Столь же разительны отличия, касающиеся собственно политических последствий революций в протестантских и католических странах. Например, в США буржуазная революция выступала как акт высвобождения гражданского общества из-под опеки государства (к тому же чужого, английского). Во Франции, напротив, якобинская диктатура ставила целью завоевание созданным в центре революционным государством, представляющим "передовое меньшинство" нации, консервативного гражданского общества ("несознательного" большинства).
На основе этих дух типов революции сложились и два разных понимания демократии. "Протестантская" политическая традиция видит в ней систему представительства и защиты различных групповых интересов; общее благо (интерес) здесь понимается как сбалансированная сумма групповых интересов, что предполагает принятие решений на основе консенсуса. Якобинская традиция связывает с демократией в первую очередь принцип подчинения меньшинства большинству. И волю большинства трактует в духе политического гегемонизма - как абсолютную, "возведенную в закон" и не нуждающуюся в консенсусе.

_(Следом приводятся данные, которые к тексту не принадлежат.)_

lemma bell_diag_mult: "bell_diag f ** bell_diag g = bell_diag (\<lambda>k. f k * g k)"
proof -
  have "(\<Sum>t\<in>UNIV. (\<Sum>k\<in>UNIV. f k * of_real (bell k r * bell k t)) *
                   (\<Sum>l\<in>UNIV. g l * of_real (bell l t * bell l s)))
      = (\<Sum>k\<in>UNIV. f k * g k * of_real (bell k r * bell k s))" for r s
  proof -
    have "(\<Sum>t\<in>UNIV. (\<Sum>k\<in>UNIV. f k * of_real (bell k r * bell k t)) *
                   (\<Sum>l\<in>UNIV. g l * of_real (bell l t * bell l s)))
        = (\<Sum>t\<in>UNIV. \<Sum>k\<in>UNIV. \<Sum>l\<in>UNIV.
             f k * g l * of_real (bell k r * bell l s) * of_real (bell k t * bell l t))"
      by (simp add: sum_product algebra_simps)
    also have "\<dots> = (\<Sum>k\<in>UNIV. \<Sum>l\<in>UNIV. \<Sum>t\<in>UNIV.
             f k * g l * of_real (bell k r * bell l s) * of_real (bell k t * bell l t))"
      by (subst sum.swap) (rule sum.cong[OF refl], rule sum.swap)
    also have "\<dots> = (\<Sum>k\<in>UNIV. \<Sum>l\<in>UNIV.
             f k * g l * of_real (bell k r * bell l s) * of_real (\<Sum>t\<in>UNIV. bell k t * bell l t))"
      by (simp only: of_real_sum sum_distrib_left)
    also have "\<dots> = (\<Sum>k\<in>UNIV. f k * g k * of_real (bell k r * bell k s))"
      unfolding bell_orthonormal by (simp add: if_distrib cong: if_cong)
    finally show ?thesis .
  qed
  then show ?thesis
    by (simp add: vec_eq_iff matrix_matrix_mult_def bell_diag_def)
qed

lemma mpow_bell_diag: "mpow (bell_diag f) n = bell_diag (\<lambda>k. f k ^ n)"
  by (induction n) (simp_all add: bell_diag_1 bell_diag_mult)

lemma sums_vecI: "(\<And>i. (\<lambda>n. f n $ i) sums (l $ i)) \<Longrightarrow> f sums l"
  unfolding sums_def by (rule vec_tendstoI) simp

lemma mexp_bell_diag: "mexp (bell_diag f) = bell_diag (\<lambda>k. exp (f k))"
proof -
  have "(\<lambda>n. (1 / fact n) *\<^sub>R mpow (bell_diag f) n) sums bell_diag (\<lambda>k. exp (f k))"
  proof (intro sums_vecI)
    fix r s
    have "(\<lambda>n. \<Sum>k\<in>UNIV. (f k ^ n /\<^sub>R fact n) * of_real (bell k r * bell k s))
        sums (\<Sum>k\<in>UNIV. exp (f k) * of_real (bell k r * bell k s))"
      by (intro sums_sum sums_mult2 exp_converges)
    moreover have "((1 / fact n) *\<^sub>R mpow (bell_diag f) n) $ r $ s
        = (\<Sum>k\<in>UNIV. (f k ^ n /\<^sub>R fact n) * of_real (bell k r * bell k s))" for n
      unfolding mpow_bell_diag
      by (simp only: vector_scaleR_component bell_diag_def vec_lambda_beta)
        (simp add: scaleR_sum_right scaleR_conv_of_real divide_inverse mult_ac sum_distrib_left)
    ultimately show "(\<lambda>n. ((1 / fact n) *\<^sub>R mpow (bell_diag f) n) $ r $ s)
        sums bell_diag (\<lambda>k. exp (f k)) $ r $ s"
      by (simp add: bell_diag_def)
  qed
  then show ?thesis
    unfolding mexp_def by (simp add: sums_iff)
qed

definition bell_phase :: "real ^ 3 \<Rightarrow> 4 \<Rightarrow> complex" where
  "bell_phase lam k = - \<i> * of_real (\<Sum>j\<in>UNIV. lam $ j * bell_eigval j k)"

lemma U_eq_bell_diag: "U lam = bell_diag (\<lambda>k. exp (bell_phase lam k))"
proof -
  have "- \<i> * (\<Sum>j\<in>UNIV. of_real (lam $ j) * kron (pauli j) (pauli j) $ r $ s)
      = (\<Sum>k\<in>UNIV. bell_phase lam k * of_real (bell k r * bell k s))" for r s
  proof -
    have "(\<Sum>j\<in>UNIV. of_real (lam $ j) * kron (pauli j) (pauli j) $ r $ s)
        = (\<Sum>k\<in>UNIV. \<Sum>j\<in>UNIV. of_real (lam $ j) * of_real (bell_eigval j k * bell k r * bell k s))"
      unfolding kron_pauli_bell_expansion sum_distrib_left by (rule sum.swap)
    also have "\<dots> = (\<Sum>k\<in>UNIV. of_real (\<Sum>j\<in>UNIV. lam $ j * bell_eigval j k) * of_real (bell k r * bell k s))"
      by (simp add: of_real_sum sum_distrib_right mult.assoc)
    finally have "- \<i> * (\<Sum>j\<in>UNIV. of_real (lam $ j) * kron (pauli j) (pauli j) $ r $ s)
        = - \<i> * (\<Sum>k\<in>UNIV. of_real (\<Sum>j\<in>UNIV. lam $ j * bell_eigval j k) * of_real (bell k r * bell k s))"
      by (rule arg_cong)
    then show ?thesis
      by (simp only: bell_phase_def sum_distrib_left mult.assoc)
  qed
  then have "U lam = mexp (bell_diag (bell_phase lam))"
    unfolding U_def bell_diag_def by (simp only:)
  then show ?thesis
    by (simp add: mexp_bell_diag)
qed

section \<open>Bell coefficients and the quantum Fisher information\<close>

definition bell_vec :: "4 \<Rightarrow> qstate" where
  "bell_vec k = (\<chi> r. of_real (bell k r))"

definition bell_coeff :: "qstate \<Rightarrow> 4 \<Rightarrow> complex" where
  "bell_coeff v k = braket (bell_vec k) v"

lemma bell_diag_mult_vec: "bell_diag f *v v = (\<Sum>k\<in>UNIV. (f k * bell_coeff v k) *s bell_vec k)"
proof -
  have "(\<Sum>s\<in>UNIV. (\<Sum>k\<in>UNIV. f k * of_real (bell k r * bell k s)) * v $ s)
      = (\<Sum>k\<in>UNIV. f k * bell_coeff v k * of_real (bell k r))" for r
  proof -
    have "(\<Sum>s\<in>UNIV. (\<Sum>k\<in>UNIV. f k * of_real (bell k r * bell k s)) * v $ s)
        = (\<Sum>s\<in>UNIV. \<Sum>k\<in>UNIV. f k * of_real (bell k r) * (of_real (bell k s) * v $ s))"
      by (simp add: sum_distrib_right sum_distrib_left mult_ac)
    also have "\<dots> = (\<Sum>k\<in>UNIV. \<Sum>s\<in>UNIV. f k * of_real (bell k r) * (of_real (bell k s) * v $ s))"
      by (rule sum.swap)
    also have "\<dots> = (\<Sum>k\<in>UNIV. f k * bell_coeff v k * of_real (bell k r))"
      by (simp add: bell_coeff_def braket_def bell_vec_def sum_distrib_left mult_ac)
    finally show ?thesis .
  qed
  then show ?thesis
    by (simp add: vec_eq_iff matrix_vector_mult_def bell_diag_def bell_vec_def)
qed

lemma bell_expansion: "v = (\<Sum>k\<in>UNIV. bell_coeff v k *s bell_vec k)"
  using bell_diag_mult_vec[of "\<lambda>_. 1" v] by (simp add: bell_diag_1)

lemma braket_bell_expansions:
  "braket (\<Sum>k\<in>UNIV. a k *s bell_vec k) (\<Sum>k\<in>UNIV. b k *s bell_vec k) = (\<Sum>k\<in>UNIV. cnj (a k) * b k)"
proof -
  have "braket (\<Sum>k\<in>UNIV. a k *s bell_vec k) (\<Sum>k\<in>UNIV. b k *s bell_vec k)
      = (\<Sum>r\<in>UNIV. \<Sum>k\<in>UNIV. \<Sum>l\<in>UNIV. cnj (a k) * b l * of_real (bell k r * bell l r))"
    by (simp add: braket_def bell_vec_def cnj_sum, simp only: sum_distrib_right,
        simp only: sum_distrib_left, simp add: mult_ac)
  also have "\<dots> = (\<Sum>k\<in>UNIV. \<Sum>l\<in>UNIV. \<Sum>r\<in>UNIV. cnj (a k) * b l * of_real (bell k r * bell l r))"
    by (subst sum.swap) (rule sum.cong[OF refl], rule sum.swap)
  also have "\<dots> = (\<Sum>k\<in>UNIV. \<Sum>l\<in>UNIV. cnj (a k) * b l * of_real (\<Sum>r\<in>UNIV. bell k r * bell l r))"
    by (simp only: of_real_sum sum_distrib_left)
  also have "\<dots> = (\<Sum>k\<in>UNIV. cnj (a k) * b k)"
    unfolding bell_orthonormal by (simp add: if_distrib cong: if_cong)
  finally show ?thesis .
qed

lemma psi_bell_expansion:
  "psi psi0 lam = (\<Sum>k\<in>UNIV. (exp (bell_phase lam k) * bell_coeff psi0 k) *s bell_vec k)"
  unfolding psi_def U_eq_bell_diag bell_diag_mult_vec ..

lemma bell_phase_shift:
  "bell_phase (lam + t *\<^sub>R axis j 1) k = bell_phase lam k + (- \<i> * of_real (bell_eigval j k)) * of_real t"
proof -
  have "(lam + t *\<^sub>R axis j 1) $ i * bell_eigval i k
      = lam $ i * bell_eigval i k + t * (if i = j then bell_eigval i k else 0)" for i
    by (simp add: axis_def algebra_simps)
  then have "(\<Sum>i\<in>UNIV. (lam + t *\<^sub>R axis j 1) $ i * bell_eigval i k)
      = (\<Sum>i\<in>UNIV. lam $ i * bell_eigval i k) + t * bell_eigval j k"
    by (simp only: sum.distrib sum_distrib_left[symmetric]) simp
  then show ?thesis
    by (simp add: bell_phase_def algebra_simps)
qed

Это - до боли знакомая нам картина, которая, кстати, позволяет демистифицировать понятие тоталитаризма. В современной трактовке этого понятия присутствует старый мотив избранничества, только с обратным знаком. Еще недавно мы были без ума от собственной истории, теперь нередко шарахаемся от нее в ужасе. Но "французский прецедент" помогает нам понять, что наш тоталитаризм — это радикализированная версия якобинского этатизма, доведенная до предела, до "логического завершения". Только при таком понимании тоталитаризм лишается мистического ореола "великой тайны", необъяснимой загадки истории и открывается возможность цивилизованной будничной работы по его демонтажу.
Немалое значение для понимания природы демократической культуры имеет старый философский спор о природе универсалий. Как известно, на этой основе в европейской культуре возникла дихотомия "номинализм - реализм", и сегодня сохраняющая содержательность. В политологии номинализм связан с двумя основными принципами:
а) вместо подчинения частного общему, вместо этики "самоотверженного служения" - приоритет индивидуального интереса. Претензии, какой бы то ни было государственной и политической инстанции на монопольное представительство всеобщего интереса, здесь решительно отвергаются: самое государство понимается как одна из форм частного интереса, с которым другие частные интересы устанавливают договорные отношения (например, уплата гражданами налогов государству в обмен на некоторые гарантии, им предоставляемые, - опять-таки не в силу мессианской природы государства, пекущегося о гражданах, а на основе заинтересованности);
б) вместо жесткой привязанности граждан к той или иной общности - классу, этносу, словом, вместо единой коллективной судьбы риск индивидуального самоопределения и право свободно менять групповую принадлежность. Демократическая культура исходит из презумпции эпохи Просвещения о сообществе суверенных индивидов, и в экономике, и в политике действующих от своего собственного имени, а не от лица высших коллективных сущностей. Собственно, и сегодня демократия основывается на этой презумпции.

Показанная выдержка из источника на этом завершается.